▸ Collection entries:
= = =
lemma reach_val_iter_le_reach_upto:
  assumes "\<pi>2 \<in> strat Gam2"
  shows "reach_val_iter \<delta> T Gam2 \<xi> n (last h) \<le> reach_upto \<delta> T (mless \<xi>) \<pi>2 n h"
proof (induction n arbitrary: h)
  case (Suc n)
  let ?s = "last h" and ?w = "reach_val_iter \<delta> T Gam2 \<xi> n"
  let ?m = "Min ((\<lambda>b. Pre_move \<delta> \<xi> b ?w ?s) ` Gam2 ?s)"
  let ?p = "\<lambda>a b t. pmf (mless \<xi> h) a * pmf (\<pi>2 h) b * pmf (\<delta> ?s a b) t"
  have "?m = (\<Sum>b\<in>UNIV. pmf (\<pi>2 h) b * ?m)"
    by (simp add: sum_distrib_right[symmetric] sum_pmf_UNIV)
  also have "\<dots> \<le> (\<Sum>b\<in>UNIV. pmf (\<pi>2 h) b * Pre_move \<delta> \<xi> b ?w ?s)"
  proof (rule sum_mono)
    fix b
    show "pmf (\<pi>2 h) b * ?m \<le> pmf (\<pi>2 h) b * Pre_move \<delta> \<xi> b ?w ?s"
    proof (cases "b \<in> set_pmf (\<pi>2 h)")
      case True
      then have "b \<in> Gam2 ?s" using assms unfolding strat_def by auto
      then show ?thesis by (intro mult_left_mono Min_image_le pmf_nonneg)
    qed (simp add: set_pmf_iff)
  qed
  also have "\<dots> = Pre_pair \<delta> \<xi> (\<lambda>_. \<pi>2 h) ?w ?s"
    by (simp add: Pre_pair_eq_sum_Pre_move)
  also have "\<dots> = (\<Sum>a\<in>UNIV. \<Sum>b\<in>UNIV. \<Sum>t\<in>UNIV. ?p a b t * ?w t)"
    unfolding Pre_pair_def mless_def
    by (intro sum.cong refl) (simp only: mult.commute mult.left_commute)
  also have "\<dots> \<le> (\<Sum>a\<in>UNIV. \<Sum>b\<in>UNIV. \<Sum>t\<in>UNIV. ?p a b t * reach_upto \<delta> T (mless \<xi>) \<pi>2 n (h @ [t]))"
  proof (intro sum_mono)
    fix a b t
    have "?w t \<le> reach_upto \<delta> T (mless \<xi>) \<pi>2 n (h @ [t])" using Suc.IH[of "h @ [t]"] by simp
    then show "?p a b t * ?w t \<le> ?p a b t * reach_upto \<delta> T (mless \<xi>) \<pi>2 n (h @ [t])"
      by (rule mult_left_mono) (intro mult_nonneg_nonneg pmf_nonneg)
  qed
  finally show ?case by simp
qed simp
= = =
▸ Your objective: Could you set down, exactly as written, the lines above between the one holding "by (simp add: sum_distrib_right[symmetric]" and the one holding "Pre_pair \<delta> \<xi>", inclusive, and nothing more?

▸ Answer space:
    by (simp add: sum_distrib_right[symmetric] sum_pmf_UNIV)
  also have "\<dots> \<le> (\<Sum>b\<in>UNIV. pmf (\<pi>2 h) b * Pre_move \<delta> \<xi> b ?w ?s)"
  proof (rule sum_mono)
    fix b
    show "pmf (\<pi>2 h) b * ?m \<le> pmf (\<pi>2 h) b * Pre_move \<delta> \<xi> b ?w ?s"
    proof (cases "b \<in> set_pmf (\<pi>2 h)")
      case True
      then have "b \<in> Gam2 ?s" using assms unfolding strat_def by auto
      then show ?thesis by (intro mult_left_mono Min_image_le pmf_nonneg)
    qed (simp add: set_pmf_iff)
  qed
  also have "\<dots> = Pre_pair \<delta> \<xi> (\<lambda>_. \<pi>2 h) ?w ?s"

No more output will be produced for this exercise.